Taken from the recipe first published by the New York Times. Adapted from Jim Lahey, Sullivan Street Bakery
I
mixed everything yesterday at 4pm and let it sit all night. I must've
put it into the oven at about 11am this morning, so it didn't sit the full 24 hours. Somewhere
else I read to let it sit about 12-16 hours, which is what I did. And I didn't do the towels this time. I shaped the dough into a ball and let it spend its last two hours on a lightly-floured cutting
board, and dropped it into the French oven that way. I have a 3.5 quart Le Creuset French oven, and it came out just fine. (I think the recipe calls for a 6
or 8 quart.) So easy and amazing! Bon appetit!
(I removed the knob on the lid of the French oven and replaced it with a nub of aluminum foil, just to be safe.)
No Knead Bread Recipe
Ingredients
- 3 cups all-purpose or bread flour, more for dusting
- ¼ teaspoon instant yeast
- 1 ¼ teaspoons salt
- Cornmeal or wheat bran as needed
- In a large bowl combine flour, yeast and salt. Add 1 5/8 cups water, and stir until blended; dough will be shaggy and sticky. Cover bowl with plastic wrap. Let dough rest at least 12 hours, preferably about 18, at warm room temperature, about 70 degrees.
- Dough is ready when its surface is dotted with bubbles. Lightly flour a work surface and place dough on it; sprinkle it with a little more flour and fold it over on itself once or twice. Cover loosely with plastic wrap and let rest about 15 minutes.
- Using just enough flour to keep dough from sticking to work surface or to your fingers, gently and quickly shape dough into a ball. Generously coat a cotton towel (not terry cloth) with flour, wheat bran or cornmeal; put dough seam side down on towel and dust with more flour, bran or cornmeal. Cover with another cotton towel and let rise for about 2 hours. When it is ready, dough will be more than double in size and will not readily spring back when poked with a finger.
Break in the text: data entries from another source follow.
(* Let $I\subset\mathbb R$ be a compact interval, $v\in C(I,\mathsf H_1)$, and let $(\alpha_n)$ be real-valued functions in $L^1_{\mathrm{loc}}(\mathbb R)$ with $\alpha_n\rightharpoonup1$ and $|\alpha_n|\le\bar\alpha$ a.e. for some $\bar\alpha\in L^1_{\mathrm{loc}}(\mathbb R)$. Then $$\lim_{n\to\infty}\sup_{t,t'\in I}\big\|\Phi^{A,\alpha_n}(t,t')v(t')-\Phi^A(t-t')v(t')\big\|_{\mathsf H_1}=0.$$
   Context: $\mathsf H_1$ is a complex Hilbert space, $A$ a self-adjoint operator in $\mathsf H_1$, and $\Phi^A(t)=e^{-itA}$ the strongly continuous unitary group it generates. For real-valued $\alpha\in L^1_{\mathrm{loc}}(\mathbb R)$, $\Phi^{A,\alpha}(t_1,t_0)=\Phi^A\big(\int_{t_0}^{t_1}\alpha(s)\,ds\big)$. Weak convergence in $L^1_{\mathrm{loc}}$: $\alpha_n\rightharpoonup\alpha$ means that for every compact interval $J\subset\mathbb R$ and every $\theta\in C(J)$, $\lim_{n\to\infty}\int_J\alpha_n\theta\,dt=\int_J\alpha\theta\,dt$. *)

theory Defs
  imports "HOL-Analysis.Analysis"
begin

text \<open>A complex Hilbert space: a complex Banach space whose norm satisfies the
  parallelogram law (Jordan--von Neumann), so that it comes from a complex inner product.\<close>
class complex_hilbert = banach +
  fixes scaleC :: "complex \<Rightarrow> 'a \<Rightarrow> 'a"
  assumes scaleC_add_right: "scaleC c (x + y) = scaleC c x + scaleC c y"
    and scaleC_add_left: "scaleC (b + c) x = scaleC b x + scaleC c x"
    and scaleC_scaleC: "scaleC b (scaleC c x) = scaleC (b * c) x"
    and scaleC_one: "scaleC 1 x = x"
    and scaleR_scaleC: "scaleR r x = scaleC (complex_of_real r) x"
    and norm_scaleC: "norm (scaleC c x) = cmod c * norm x"
    and parallelogram: "(norm (x + y))\<^sup>2 + (norm (x - y))\<^sup>2 = 2 * ((norm x)\<^sup>2 + (norm y)\<^sup>2)"

text \<open>Strongly continuous one-parameter group of unitary operators
  (by Stone's theorem exactly the groups t \<mapsto> exp(-itA), A self-adjoint).\<close>
definition sc_unitary_group :: "(real \<Rightarrow> 'a::complex_hilbert \<Rightarrow> 'a) \<Rightarrow> bool" where
  "sc_unitary_group U \<longleftrightarrow>
     U 0 = id \<and>
     (\<forall>s t. U (s + t) = U s \<circ> U t) \<and>
     (\<forall>t x y. U t (x + y) = U t x + U t y) \<and>
     (\<forall>t c x. U t (scaleC c x) = scaleC c (U t x)) \<and>
     (\<forall>t x. norm (U t x) = norm x) \<and>
     (\<forall>x. continuous_on UNIV (\<lambda>t. U t x))"

definition loc_integrable :: "(real \<Rightarrow> real) \<Rightarrow> bool" where
  "loc_integrable f \<longleftrightarrow> (\<forall>a b. set_integrable lborel {a..b} f)"

definition weak_L1loc :: "(nat \<Rightarrow> real \<Rightarrow> real) \<Rightarrow> (real \<Rightarrow> real) \<Rightarrow> bool" where
  "weak_L1loc \<alpha>s \<alpha> \<longleftrightarrow>
     (\<forall>a b \<theta>. a \<le> b \<longrightarrow> continuous_on {a..b} \<theta> \<longrightarrow>
        (\<lambda>n. LBINT t:{a..b}. \<alpha>s n t * \<theta> t) \<longlonglongrightarrow> (LBINT t:{a..b}. \<alpha> t * \<theta> t))"

text \<open>\<Phi>^{A,\<alpha>}(t1,t0) = \<Phi>^A(\<integral>_{t0}^{t1} \<alpha>) (oriented integral).\<close>
definition reparam :: "(real \<Rightarrow> 'a \<Rightarrow> 'a) \<Rightarrow> (real \<Rightarrow> real) \<Rightarrow> real \<Rightarrow> real \<Rightarrow> 'a \<Rightarrow> 'a" where
  "reparam U \<alpha> t1 t0 = U (LBINT s=t0..t1. \<alpha> s)"

end

theory Submission
  imports Defs "HOL-Probability.Probability_Mass_Function"
begin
- At least a half-hour before dough is ready, heat oven to 450 degrees. Put a 6- to 8-quart heavy covered pot (cast iron, enamel, Pyrex or ceramic) in oven as it heats. When dough is ready, carefully remove pot from oven. Slide your hand under towel and turn dough over into pot, seam side up; it may look like a mess, but that is O.K. Shake pan once or twice if dough is unevenly distributed; it will straighten out as it bakes. Cover with lid and bake 30 minutes, then remove lid and bake another 15 to 30 minutes, until loaf is beautifully browned. Cool on a rack.